中央にお茶碗に山盛りのごはん。盆の四隅にまるまる団子状にしたおにぎり。旅立つときは袋に入れて持たせて上げるのだ。そして、使ったお茶碗はお別れに割ってしまうのだ。
葬儀が終わってしばらくは、親類がいてくれたり出入りがあったりで気が付かなかったのだが、ふと日常生活に戻って私の茶碗が見あたらないことに気づいた。
「なあ、私の茶碗知らん?」
私はキヨちゃんに聞いてみた。
「ん?茶碗?」
「うん。見あたらんのよ。」
「ああ、茶碗なあ。父ちゃんのお別れに父ちゃんの茶碗が見つからなくて、割った。」
・・・・。え?私のちゃわんを?
しかし、父の茶碗は枕飯に確かに使っていたのだ。しかも、洗って戻った形跡もない。つまり父の茶碗もないのだ。ということは、父のお弁当はおにぎりにせず、茶碗ごと持たせたか?

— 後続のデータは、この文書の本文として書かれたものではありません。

lemma height_attained:
  assumes "simple_graph W adj" "\<not> has_cycle W adj" "v \<in> W" "nbhd W adj v \<noteq> {}"
  shows "\<exists>xs. walk W adj xs \<and> hd xs = v \<and> leaf W adj (last xs) \<and> length xs = Suc (height W adj v)"
proof -
  obtain xs where "walk W adj xs" "hd xs = v" "leaf W adj (last xs)"
    using walk_to_leaf[OF assms] by blast
  moreover have "length xs = Suc (length xs - 1)"
    using \<open>walk W adj xs\<close> unfolding walk_def by simp
  ultimately have "\<exists>k xs. walk W adj xs \<and> hd xs = v \<and> leaf W adj (last xs) \<and> length xs = Suc k"
    by blast
  from LeastI_ex[OF this] show ?thesis
    unfolding height_def using assms(4) by simp
qed

lemma even_height_iff_color:
  assumes simple: "simple_graph W adj" and acyclic: "\<not> has_cycle W adj"
    and coloring: "proper_2_coloring W adj \<chi>"
    and ends: "\<And>x. x \<in> W \<Longrightarrow> leaf W adj x \<or> nbhd W adj x = {} \<Longrightarrow> \<chi> x = c"
    and v: "v \<in> W"
  shows "even (height W adj v) \<longleftrightarrow> \<chi> v = c"
proof (cases "nbhd W adj v = {}")
  case True
  then show ?thesis
    using ends v unfolding height_def by simp
next
  case False
  then obtain xs where xs: "walk W adj xs" "hd xs = v" "leaf W adj (last xs)"
    "length xs = Suc (height W adj v)"
    using height_attained[OF simple acyclic v] by blast
  then have "xs \<noteq> []" "last xs \<in> W"
    unfolding walk_def by auto
  then have "xs ! 0 = v" "xs ! height W adj v = last xs" "\<chi> (last xs) = c"
    using xs ends by (auto simp: hd_conv_nth last_conv_nth)
  then show ?thesis
    using walk_colors_alternate[OF coloring xs(1), of "height W adj v"] xs(4) by auto
qed

lemma connected_closed_superset:
  assumes "connected_graph V adj" "s \<in> V" "s \<in> S" "\<And>x. x \<in> S \<Longrightarrow> nbhd V adj x \<subseteq> S"
  shows "V \<subseteq> S"
proof
  fix v assume "v \<in> V"
  then obtain xs where xs: "walk V adj xs" "hd xs = s" "last xs = v"
    using assms(1,2) unfolding connected_graph_def by blast
  have "xs ! i \<in> S" if "i < length xs" for i
    using that
  proof (induction i)
    case 0
    then show ?case using xs(2) assms(3) by (simp add: hd_conv_nth)
  next
    case (Suc i)
    then have "xs ! Suc i \<in> nbhd V adj (xs ! i)"
      using xs(1) unfolding walk_def nbhd_def by auto
    then show ?case
      using Suc assms(4) by auto
  qed
  moreover have "xs \<noteq> []"
    using xs(1) unfolding walk_def by simp
  ultimately show "v \<in> S"
    using xs(3) by (metis diff_less last_conv_nth length_greater_0_conv zero_less_one)
qed

lemma mem_nbhd_set_iff:
  assumes "\<forall>u v. adj u v \<longrightarrow> adj v u" "D \<subseteq> V"
  shows "y \<in> nbhd_set V adj D \<longleftrightarrow> y \<in> V \<and> nbhd V adj y \<inter> D \<noteq> {}"
  using assms unfolding nbhd_set_def nbhd_def by blast

locale colored_tree =
  fixes V :: "'a set" and adj :: "'a \<Rightarrow> 'a \<Rightarrow> bool" and \<chi> :: "'a \<Rightarrow> color"
  assumes tree: "is_tree V adj" and three_vertices: "3 \<le> card V"
    and coloring: "proper_2_coloring V adj \<chi>"
begin

abbreviation H1 :: "'a set" where
  "H1 \<equiv> height_class V adj 1"

abbreviation interior :: "color \<Rightarrow> 'a set" where
  "interior c \<equiv> interior_vertices V adj \<chi> c"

それにしたって、ひどい話だ。茶碗なら客用だろうが、予備だろうがあるのだ。何も「生きてる」私の茶碗を割ることはないだろう。しかも、陶器市で買ったかなりお気に入りの茶碗だったのだ。
「誰が・・・私の茶碗を?」
「さあ?誰だろう?」
本気で首をかしげるキヨちゃんであるが、どうも私にはキヨちゃんの犯人説が有力である。うっかり、やりかねない。
昨日私は茶碗を新調した。ただし138円の安物にしてみた・・・。痛い・・・。